● Task objective
Only lines with the word "partial" belong in the answer; copy them from the records below.

:::::

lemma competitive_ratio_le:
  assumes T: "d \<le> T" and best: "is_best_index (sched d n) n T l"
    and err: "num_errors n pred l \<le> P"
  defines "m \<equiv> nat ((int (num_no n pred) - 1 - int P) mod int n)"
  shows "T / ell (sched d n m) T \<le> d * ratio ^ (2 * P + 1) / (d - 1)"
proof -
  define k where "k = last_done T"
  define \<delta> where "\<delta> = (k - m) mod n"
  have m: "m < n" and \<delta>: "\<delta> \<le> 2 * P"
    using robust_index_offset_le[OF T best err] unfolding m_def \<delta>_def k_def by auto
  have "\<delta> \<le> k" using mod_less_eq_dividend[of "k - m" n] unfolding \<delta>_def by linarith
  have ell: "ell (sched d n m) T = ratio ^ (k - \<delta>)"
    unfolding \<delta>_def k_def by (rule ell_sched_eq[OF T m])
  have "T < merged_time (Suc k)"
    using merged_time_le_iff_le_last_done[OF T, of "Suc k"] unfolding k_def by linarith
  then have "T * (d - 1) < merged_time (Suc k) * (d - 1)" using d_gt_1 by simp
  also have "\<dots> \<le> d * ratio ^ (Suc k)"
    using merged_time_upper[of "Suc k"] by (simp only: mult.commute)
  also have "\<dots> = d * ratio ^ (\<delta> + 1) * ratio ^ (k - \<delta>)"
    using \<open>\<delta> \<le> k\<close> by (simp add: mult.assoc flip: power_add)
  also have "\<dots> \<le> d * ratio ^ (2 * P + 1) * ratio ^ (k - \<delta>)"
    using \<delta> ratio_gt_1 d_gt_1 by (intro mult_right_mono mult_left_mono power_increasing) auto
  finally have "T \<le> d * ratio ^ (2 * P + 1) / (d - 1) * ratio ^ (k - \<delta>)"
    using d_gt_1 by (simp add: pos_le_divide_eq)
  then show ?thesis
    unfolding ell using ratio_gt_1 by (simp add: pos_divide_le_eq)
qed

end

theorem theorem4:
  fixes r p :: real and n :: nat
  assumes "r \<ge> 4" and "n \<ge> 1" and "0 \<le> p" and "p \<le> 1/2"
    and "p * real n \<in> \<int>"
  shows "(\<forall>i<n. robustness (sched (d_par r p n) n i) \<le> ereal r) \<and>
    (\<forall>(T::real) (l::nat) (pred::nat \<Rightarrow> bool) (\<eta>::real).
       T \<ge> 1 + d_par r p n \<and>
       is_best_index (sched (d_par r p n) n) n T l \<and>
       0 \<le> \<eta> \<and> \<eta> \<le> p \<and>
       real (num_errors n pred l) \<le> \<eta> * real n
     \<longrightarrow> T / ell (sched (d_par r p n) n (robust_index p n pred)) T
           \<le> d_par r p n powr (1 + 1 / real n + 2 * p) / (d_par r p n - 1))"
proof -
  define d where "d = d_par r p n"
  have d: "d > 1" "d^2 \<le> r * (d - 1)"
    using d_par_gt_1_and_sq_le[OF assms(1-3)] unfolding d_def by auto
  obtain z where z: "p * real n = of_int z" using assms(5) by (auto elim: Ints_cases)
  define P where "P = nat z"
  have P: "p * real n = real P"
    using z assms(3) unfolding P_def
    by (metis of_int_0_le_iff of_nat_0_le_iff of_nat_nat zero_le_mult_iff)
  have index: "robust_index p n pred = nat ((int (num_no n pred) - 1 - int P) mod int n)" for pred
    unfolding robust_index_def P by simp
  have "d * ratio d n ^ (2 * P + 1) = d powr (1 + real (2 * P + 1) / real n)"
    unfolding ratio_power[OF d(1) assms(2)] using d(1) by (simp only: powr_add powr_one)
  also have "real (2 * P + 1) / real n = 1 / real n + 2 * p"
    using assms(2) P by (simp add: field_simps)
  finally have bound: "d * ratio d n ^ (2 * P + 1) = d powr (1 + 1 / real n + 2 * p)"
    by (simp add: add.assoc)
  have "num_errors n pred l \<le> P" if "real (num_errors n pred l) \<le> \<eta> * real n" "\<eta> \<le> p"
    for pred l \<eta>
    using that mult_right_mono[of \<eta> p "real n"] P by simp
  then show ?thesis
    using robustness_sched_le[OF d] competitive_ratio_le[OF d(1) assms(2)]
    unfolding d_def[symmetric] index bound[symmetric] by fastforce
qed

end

:::::

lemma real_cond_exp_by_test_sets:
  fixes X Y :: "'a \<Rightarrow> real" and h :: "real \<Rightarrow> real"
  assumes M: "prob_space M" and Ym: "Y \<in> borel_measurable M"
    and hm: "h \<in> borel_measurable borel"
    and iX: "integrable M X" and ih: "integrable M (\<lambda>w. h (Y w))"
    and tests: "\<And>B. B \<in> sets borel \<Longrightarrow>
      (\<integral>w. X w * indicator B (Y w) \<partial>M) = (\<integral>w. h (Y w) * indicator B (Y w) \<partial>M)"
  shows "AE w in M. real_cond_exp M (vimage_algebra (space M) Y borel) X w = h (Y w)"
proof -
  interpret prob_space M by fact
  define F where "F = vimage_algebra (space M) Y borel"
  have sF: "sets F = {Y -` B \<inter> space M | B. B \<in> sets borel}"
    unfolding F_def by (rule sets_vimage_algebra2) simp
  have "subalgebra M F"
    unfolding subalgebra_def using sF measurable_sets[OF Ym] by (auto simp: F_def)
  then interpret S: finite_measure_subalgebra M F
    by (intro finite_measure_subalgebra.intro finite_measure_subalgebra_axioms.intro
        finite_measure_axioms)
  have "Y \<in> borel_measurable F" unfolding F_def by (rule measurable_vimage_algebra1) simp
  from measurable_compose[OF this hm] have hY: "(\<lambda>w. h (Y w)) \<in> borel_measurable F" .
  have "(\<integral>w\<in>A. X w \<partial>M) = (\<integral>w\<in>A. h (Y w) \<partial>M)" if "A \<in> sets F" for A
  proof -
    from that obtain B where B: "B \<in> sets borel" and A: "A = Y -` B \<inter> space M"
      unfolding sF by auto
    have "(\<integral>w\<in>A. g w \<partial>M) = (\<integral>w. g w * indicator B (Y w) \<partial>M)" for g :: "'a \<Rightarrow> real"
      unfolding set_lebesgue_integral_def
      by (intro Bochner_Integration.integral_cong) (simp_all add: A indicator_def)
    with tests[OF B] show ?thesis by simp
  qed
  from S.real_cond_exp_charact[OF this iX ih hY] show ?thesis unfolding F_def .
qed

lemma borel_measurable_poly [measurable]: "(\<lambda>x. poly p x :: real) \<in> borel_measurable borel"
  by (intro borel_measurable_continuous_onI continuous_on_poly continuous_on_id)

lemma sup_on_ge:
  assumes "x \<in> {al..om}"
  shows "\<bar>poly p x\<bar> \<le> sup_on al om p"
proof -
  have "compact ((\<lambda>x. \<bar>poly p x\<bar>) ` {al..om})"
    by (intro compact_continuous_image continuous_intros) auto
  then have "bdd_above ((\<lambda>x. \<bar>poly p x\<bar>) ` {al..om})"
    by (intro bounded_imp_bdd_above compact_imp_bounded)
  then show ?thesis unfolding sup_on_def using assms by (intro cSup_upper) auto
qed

:::::

● Your solution
      (\<integral>w. X w * indicator B (Y w) \<partial>M) = (\<integral>w. h (Y w) * indicator B (Y w) \<partial>M)"
  have "(\<integral>w\<in>A. X w \<partial>M) = (\<integral>w\<in>A. h (Y w) \<partial>M)" if "A \<in> sets F" for A
    have "(\<integral>w\<in>A. g w \<partial>M) = (\<integral>w. g w * indicator B (Y w) \<partial>M)" for g :: "'a \<Rightarrow> real"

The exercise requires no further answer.